For all combinations of induced astigmatism, the mean (±1SEM) distance logMAR acuity (0.03±0.03) did not deteriorate significantly from the best-corrected condition (-0.08±0.02) (p=0.32). Near logMAR acuity and stereoacuity were in-between the uncorrected (NVA: 0.59±0.05; Stereo: 232.9±33.9arc sec) and best-corrected (NVA: 0.18±0.02; Stereo: 60.9±10.2arc sec) conditions for all myopic astigmatic combinations (Ib & c and IIa - c) and same or worse than the uncorrected condition for hyperopic astigmatic combinations (Id, IId & IIIa - c) (p=0.003 to 0.36 for all). All outcomes variables were closest to their respective best-corrected values for combination IIc (OD: ±/+1.0x90°; OS: ±/+2.5x90°; DVA: 0.12±0.02; NVA: 0.38±0.03; Stereo: 82.6±8.05arc sec), followed by IIa (OU: ±/+1.0x90; DVA: 0.04±0.02; NVA: 0.43±0.05; Stereo: 104.5±13.5arc sec) and Ib. Stereoacuity was worse with orthogonal axes (IIb) than with parallel axes of myopic astigmatism (IIa) in the two eyes (p=0.002).

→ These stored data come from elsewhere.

lemma Brow_nth: "Brow i $ j = (if j = i then 1 else if j = nxt i then -1 else 0)"
  unfolding Brow_def by simp

lemma Brow_inner:
  assumes "(i::'n::{finite,wellorder}) \<in> brows"
  shows "Brow i \<bullet> x = x$i - x$nxt i"
proof -
  have "Brow i \<bullet> x = (\<Sum>j\<in>UNIV. (if j = i then x$j else 0) - (if j = nxt i then x$j else 0))"
    unfolding inner_vec_def using less_nxt[OF assms] by (intro sum.cong) (auto simp: Brow_nth)
  then show ?thesis by (simp add: sum_subtractf)
qed

definition Bt :: "('n::{finite,wellorder} \<Rightarrow> real) \<Rightarrow> real^'n::{finite,wellorder}" where
  "Bt c = (\<Sum>i\<in>brows. c i *\<^sub>R Brow i)"

definition psum :: "real^'n::{finite,wellorder} \<Rightarrow> 'n \<Rightarrow> real" where
  "psum x k = (\<Sum>j\<in>{..k}. x$j)"

lemma sum_atMost_Brow:
  assumes "(i::'n::{finite,wellorder}) \<in> brows"
  shows "(\<Sum>j\<in>{..k}. Brow i $ j) = (if i = k then 1 else 0)"
proof -
  have "(\<Sum>j\<in>{..k}. Brow i $ j) = (\<Sum>j\<in>{..k}. (if j = i then 1 else 0) - (if j = nxt i then 1 else 0))"
    using less_nxt[OF assms] by (intro sum.cong) (auto simp: Brow_nth)
  also have "\<dots> = (if i \<le> k then 1 else 0) - (if nxt i \<le> k then 1 else 0)"
    by (simp add: sum_subtractf)
  also have "nxt i \<le> k \<longleftrightarrow> i < k"
    using less_nxt_iff[OF assms, of k] by auto
  finally show ?thesis by auto
qed

lemma psum_Bt: "psum (Bt c) k = (if k \<in> brows then c k else 0)"
proof -
  have "psum (Bt c) k = (\<Sum>i\<in>brows. c i * (\<Sum>j\<in>{..k}. Brow i $ j))"
    unfolding psum_def Bt_def by (simp add: sum_component sum_distrib_left sum.swap[of _ "{..k}"])
  also have "\<dots> = (\<Sum>i\<in>brows. if i = k then c i else 0)"
    by (intro sum.cong) (auto simp: sum_atMost_Brow)
  finally show ?thesis by (simp add: sum.delta')
qed

lemma vec_eq_psumI:
  assumes "\<And>k. psum a k = psum b (k::'n::{finite,wellorder})"
  shows "a = b"
proof -
  have "a$k = b$k" for k
  proof (induction k rule: less_induct)
    case (less k)
    have "{..k} = insert k {..<k}" by auto
    then have "psum x k = x$k + (\<Sum>j\<in>{..<k}. x$j)" for x :: "real^'n::{finite,wellorder}"
      by (simp add: psum_def)
    moreover have "(\<Sum>j\<in>{..<k}. a$j) = (\<Sum>j\<in>{..<k}. b$j)"
      using less by (intro sum.cong) auto
    ultimately show ?case using assms[of k] by simp
  qed
  then show ?thesis by (simp add: vec_eq_iff)
qed

lemma Bt_psum:
  assumes "(\<Sum>i\<in>UNIV. x$i) = 0"
  shows "Bt (psum x) = x"
proof (rule vec_eq_psumI)
  fix k
  show "psum (Bt (psum x)) k = psum x k"
  proof (cases "k \<in> brows")
    case False
    then have "{..k} = UNIV" using le_Max_UNIV by (auto simp: brows_iff)
    then have "psum x k = 0" using assms by (simp add: psum_def)
    with False show ?thesis by (simp add: psum_Bt)
  qed (simp add: psum_Bt)
qed

lemma Bt_eqD: "Bt c = Bt c' \<Longrightarrow> (k::'n::{finite,wellorder}) \<in> brows \<Longrightarrow> c k = c' k"
  using psum_Bt[of c k] psum_Bt[of c' k] by simp

lemma Bt_eq_0_iff: "Bt c = 0 \<longleftrightarrow> (\<forall>k\<in>(brows::'n::{finite,wellorder} set). c k = 0)"
  using Bt_eqD[of c "\<lambda>_. 0"] by (auto simp: Bt_def)

lemma inner_Bt: "Bt c \<bullet> x = (\<Sum>i\<in>brows. c i * (Brow i \<bullet> x))"
  unfolding Bt_def by (simp add: inner_sum_left)
(* Let $G=(V,E,H)$ be a HEDG, $\mathbb{P}_V$ a probability distribution on $\mathcal{X}_V=\prod_{v\in V}\mathcal{X}_v$ (standard Borel spaces) and $<$ a total order on $V$. Then $(G,\mathbb{P}_V,<)$ satisfies the ordered local Markov property if and only if it satisfies the recursive factorization property.
   Context: HEDG $G=(V,E,H)$: $V$ finite, $E\subseteq V\times V$ (self-loops allowed), $H$ a simplicial complex on $V$ (contains singletons, closed under subsets); $v\leftrightarrow w$ for distinct $v,w$ with $\{v,w\}\in H$. $A$ is ancestral if it contains all nodes with a directed path into $A$, with induced sub-HEDG structure. Marginalization $G^{\mathrm{marg}\setminus U}=(V\setminus U,E',H')$: $v_1\to v_2\in E'$ iff a directed path $v_1\to u_1\to\cdots\to u_r\to v_2$ ($r\ge0$, $u_i\in U$) exists; $F'\in H'$ iff there is $F\in H$, $F\subseteq F'\cup U$, each $v\in F'$ in $F\setminus U$ or reached by a directed path $u_1\to\cdots\to u_r\to v$ ($r\ge1$, $u_i\in U$, $u_1\in F$). Moralization: $v - w$ ($v\ne w$) iff there are $v_1,\dots,v_n$ with $v\in\{v_1\}\cup\mathrm{Pa}(v_1)$, $w\in\{v_n\}\cup\mathrm{Pa}(v_n)$, $v_1\leftrightarrow\cdots\leftrightarrow v_n$; $\partial_U(v)$ = neighbours in undirected graph $U$. For a HEDG $A$ (e.g. an ancestral sub-HEDG of $G$) and $v\in A$: $\mathrm{Pred}^A_\le(v)=A^{\mathrm{marg}\setminus\{w\in A:w>v\}}$, and $\partial^A_\le(v):=\partial_{\mathrm{Pred}^A_\le(v)^{\mathrm{moral}}}(v)$. Ordered local Markov property: for all $v\in V$ and every ancestral sub-HEDG $A$ of $\mathrm{Pred}^G_\le(v)$ with $v\in A$: $\{v\}\perp_{\mathbb{P}_V}A\setminus\{v\}\mid\partial_{A^{\mathrm{moral}}}(v)$ (conditional independence of coordinate projections). Recursive factorization property: for every ancestral sub-HEDG $A$ of $G$ and every measurable product set $B=\prod_{v\in A}B_v\subseteq\mathcal{X}_A$, $\mathbb{P}_A(B)=\int\cdots\int\prod_{v\in A}\mathbf 1_{B_v}(x_v)\,d\mathbb{P}_V^{v\mid x_{\partial^A_\le(v)}}(x_v)$, where the iterated integration is taken from the largest $v\in A$ (innermost) to the smallest (outermost) with respect to $<$, $\mathbb{P}_V^{v\mid x_{\partial^A_\le(v)}}$ is the regular conditional distribution of the $v$-coordinate given the coordinates in $\partial^A_\le(v)$ at the value $x_{\partial^A_\le(v)}$, and $\mathbb{P}_A$ is the marginal on $\mathcal{X}_A$. *)

theory Defs
  imports "HOL-Probability.Probability"
begin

Binocular near logMAR and stereo acuity of bilateral pseudophakes can be simultaneously optimized without hindering distance vision using combinations of myopic astigmatism in the two eyes. Leaving such combinations uncorrected after cataract surgery may be a viable alternative to sphero-cylindrical bifocals in optimizing the overall binocular visual experience of the patient. Combinations with astigmatism with orthogonal axes in the two eyes or with hyperopia deteriorate near vision of pseudophakes.